Am I talking through my hat? Alas, I do not have the coding knowledge to propose a patch, but I would be curious to hear thoughts from those who could make it happen — even if they won’t.
— FJ
Offline
Re: [feedback] An argument for a random admin folder name
I think we would need some evidence for “it seems it is not uncommon for crackers now to […] to insert code at pre-defined locations” in the first place. If I were to abuse somebody elses server I’d rather traverse all directories and modify any index.php that pops up, no longer than a few days after a target CMS has introduced random admin directories.
Offline
#3 2010-05-30 14:05:53
- fjdekermadec
- New Member
- From: Paris, France
- Registered: 2010-05-30
- Posts: 7
Re: [feedback] An argument for a random admin folder name
Hello Wet,
I am thinking of something like this or even this where scripts target known locations for headers or footers, betting on the fact these files are rarely, if ever, opened and examined by hand — compared to say, a home-whipped PHP script at the root of a domain.
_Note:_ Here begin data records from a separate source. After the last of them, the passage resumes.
(*
  Let M be a left Haar measure, K compact and g a group element; the group is written
  additively. Fix a compact neighbourhood Wb of the unit, a slightly larger open Wa, and a
  finite quasigroup H with j : H -> G approximating the group on a large compact set.
  Left multiplication by an element of H is a bijection of H that approximately translates
  the sets j x + Wa, so the number of translates j x + Wa containing a point is roughly
  constant: some c bounds it from below on K + g, while c also bounds from above the number of
  translates j x + Wb containing a point of a neighbourhood N of K of almost the same measure.
  Right multiplication by an element approximating -g maps the translates j x + Wa meeting
  K + g injectively to translates j x + Wb contained in N. Double counting gives
  M(K + g) M(Wb) <= M(N) M(Wa), and in the limit M(K + g) <= M(K). Inner and outer regularity
  extend this to all Borel sets, and applying it to -g as well makes M right invariant. The
  reflection x -> -x turns right Haar measures into left ones, which gives the converse.
*)

theory Submission
  imports Defs
begin

section \<open>Translations and neighbourhoods of the unit\<close>

lemma image_eq_vimage_inverse:
  assumes "\<And>x. g (f x) = x" "\<And>y. f (g y) = y"
  shows "f ` A = g -` A"
  using assms by (simp add: set_eq_iff image_iff) metis

lemma
  fixes a :: "'a::group_add"
  shows left_translation_eq_vimage: "(+) a ` A = (+) (-a) -` A"
    and right_translation_eq_vimage: "(\<lambda>x. x + a) ` A = (\<lambda>x. x + -a) -` A"
    and uminus_image_eq_vimage: "uminus ` A = uminus -` A"
  by (auto intro!: image_eq_vimage_inverse simp: add.assoc)

lemma left_translation_iff [simp]: "y \<in> (+) a ` A \<longleftrightarrow> -a + y \<in> (A::'a::group_add set)"
  by (simp add: left_translation_eq_vimage)

lemma
  fixes A :: "'a::topological_group_add set"
  assumes "open A"
  shows open_left_translation: "open ((+) a ` A)"
    and open_right_translation: "open ((\<lambda>x. x + a) ` A)"
    and open_uminus_image: "open (uminus ` A)"
  unfolding left_translation_eq_vimage right_translation_eq_vimage uminus_image_eq_vimage
  by (auto intro!: open_vimage assms continuous_intros)

lemma
  fixes A :: "'a::topological_group_add set"
  assumes "A \<in> sets borel"
  shows borel_left_translation: "(+) a ` A \<in> sets borel"
    and borel_right_translation: "(\<lambda>x. x + a) ` A \<in> sets borel"
    and borel_uminus_image: "uminus ` A \<in> sets borel"
  unfolding left_translation_eq_vimage right_translation_eq_vimage uminus_image_eq_vimage
  by (auto intro!: measurable_sets_borel[OF borel_measurable_continuous_onI] assms continuous_intros)

lemma
  fixes A :: "'a::topological_group_add set"
  assumes "compact A"
  shows compact_right_translation: "compact ((\<lambda>x. x + a) ` A)"
    and compact_uminus_image: "compact (uminus ` A)"
  by (auto intro!: compact_continuous_image assms continuous_intros)

lemma compact_set_plus:
  fixes A B :: "'a::topological_group_add set"
  assumes "compact A" "compact B"
  shows "compact (A + B)"
proof -
  have "A + B = (\<lambda>p. fst p + snd p) ` (A \<times> B)"
    by (force simp: set_plus_def)
  then show ?thesis
    by (auto intro!: compact_continuous_image compact_Times assms continuous_intros)
qed

lemma zero_neighbourhood_uniform_on_compact:
  fixes f :: "'a::topological_group_add \<Rightarrow> 'a \<Rightarrow> 'b::topological_space \<Rightarrow> 'c::topological_space"
  assumes f: "continuous_on UNIV (\<lambda>p. f (fst (fst p)) (snd (fst p)) (snd p))"
    and K: "compact K" and N: "open N" "\<And>k. k \<in> K \<Longrightarrow> f 0 0 k \<in> N"
  obtains V where "open V" "0 \<in> V" "\<And>v w k. v \<in> V \<Longrightarrow> w \<in> V \<Longrightarrow> k \<in> K \<Longrightarrow> f v w k \<in> N"
proof -
  let ?F = "\<lambda>p. f (fst (fst p)) (snd (fst p)) (snd p)"
  have W: "open (?F -` N)"
    using open_vimage[OF N(1) f] .
  have sub: "{(0, 0)} \<times> K \<subseteq> ?F -` N"
    using N(2) by auto
  have "\<exists>X. (0, 0) \<in> X \<and> open X \<and> X \<times> K \<subseteq> ?F -` N"
    by (rule Elementary_Topology.tube_lemma[OF K W sub])
  then obtain X where X: "(0, 0) \<in> X" "open X" "X \<times> K \<subseteq> ?F -` N"
    by blast
  obtain A B where AB: "open A" "open B" "(0, 0) \<in> A \<times> B" "A \<times> B \<subseteq> X"
    using open_prod_elim[OF X(2,1)] by blast
  show ?thesis
  proof (rule that[of "A \<inter> B"])
    show "open (A \<inter> B)" "0 \<in> A \<inter> B"
      using AB(1-3) by auto
    fix v w k assume "v \<in> A \<inter> B" "w \<in> A \<inter> B" "k \<in> K"
    then have "((v, w), k) \<in> X \<times> K"
      using AB(4) by auto
    then show "f v w k \<in> N"
      using X(3) by auto
  qed
qed

lemma zero_neighbourhood_add_subset:
  fixes N :: "'a::topological_group_add set"
  assumes "open N" "0 \<in> N"
  obtains Z where "open Z" "0 \<in> Z" "\<And>a b. a \<in> Z \<Longrightarrow> b \<in> Z \<Longrightarrow> a + b \<in> N"
proof -
  obtain Z where "open Z" "0 \<in> Z" "\<And>a b k. a \<in> Z \<Longrightarrow> b \<in> Z \<Longrightarrow> k \<in> {0::'a} \<Longrightarrow> a + b + k \<in> N"
    by (rule zero_neighbourhood_uniform_on_compact[of "\<lambda>a b k. a + b + k" "{0}" N])
      (use assms in \<open>auto intro!: continuous_intros\<close>)
  then show ?thesis
    using that by fastforce
qed

lemma compact_add_zero_neighbourhood:
  fixes K N :: "'a::topological_group_add set"
  assumes "compact K" "open N" "K \<subseteq> N"
  obtains Z where "open Z" "0 \<in> Z"
    "\<And>k z1 z2 z3 z4. k \<in> K \<Longrightarrow> z1 \<in> Z \<Longrightarrow> z2 \<in> Z \<Longrightarrow> z3 \<in> Z \<Longrightarrow> z4 \<in> Z \<Longrightarrow>
       k + z1 + z2 + z3 + z4 \<in> N"
proof -
  obtain Z' where Z': "open Z'" "0 \<in> Z'" "\<And>v w k. v \<in> Z' \<Longrightarrow> w \<in> Z' \<Longrightarrow> k \<in> K \<Longrightarrow> k + v + w \<in> N"
    by (rule zero_neighbourhood_uniform_on_compact[of "\<lambda>v w k. k + v + w" K N])
      (use assms in \<open>auto intro!: continuous_intros\<close>)
  obtain Z where Z: "open Z" "0 \<in> Z" "\<And>a b. a \<in> Z \<Longrightarrow> b \<in> Z \<Longrightarrow> a + b \<in> Z'"
    using zero_neighbourhood_add_subset[OF Z'(1,2)] by blast
  show ?thesis
  proof (rule that[OF Z(1,2)])
    fix k z1 z2 z3 z4 assume "k \<in> K" "z1 \<in> Z" "z2 \<in> Z" "z3 \<in> Z" "z4 \<in> Z"
    then have "k + (z1 + z2) + (z3 + z4) \<in> N"
      using Z(3) Z'(3) by blast
    then show "k + z1 + z2 + z3 + z4 \<in> N"
      by (simp add: add.assoc)
  qed
qed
Even something crude like this could probably be avoided unless the attacker takes the time to find references to the name of the Textpattern folder for a particular install. Not impossible, certainly, but incompatible with the idea of unleashing a script on a domain. Of course, this is a very old vulnerability and I assume one would be hard pressed to find such holes in today’s Textpattern, but it’s just for illustration purposes.
Thanks for your insights!
— FJ
Offline
Re: [feedback] An argument for a random admin folder name
Yes, there is evidence well-known blog engines and their file layout are targets, but this does not allow us to conclude that crackers won’t adapt their tools once we’d use random locations to find these just the same.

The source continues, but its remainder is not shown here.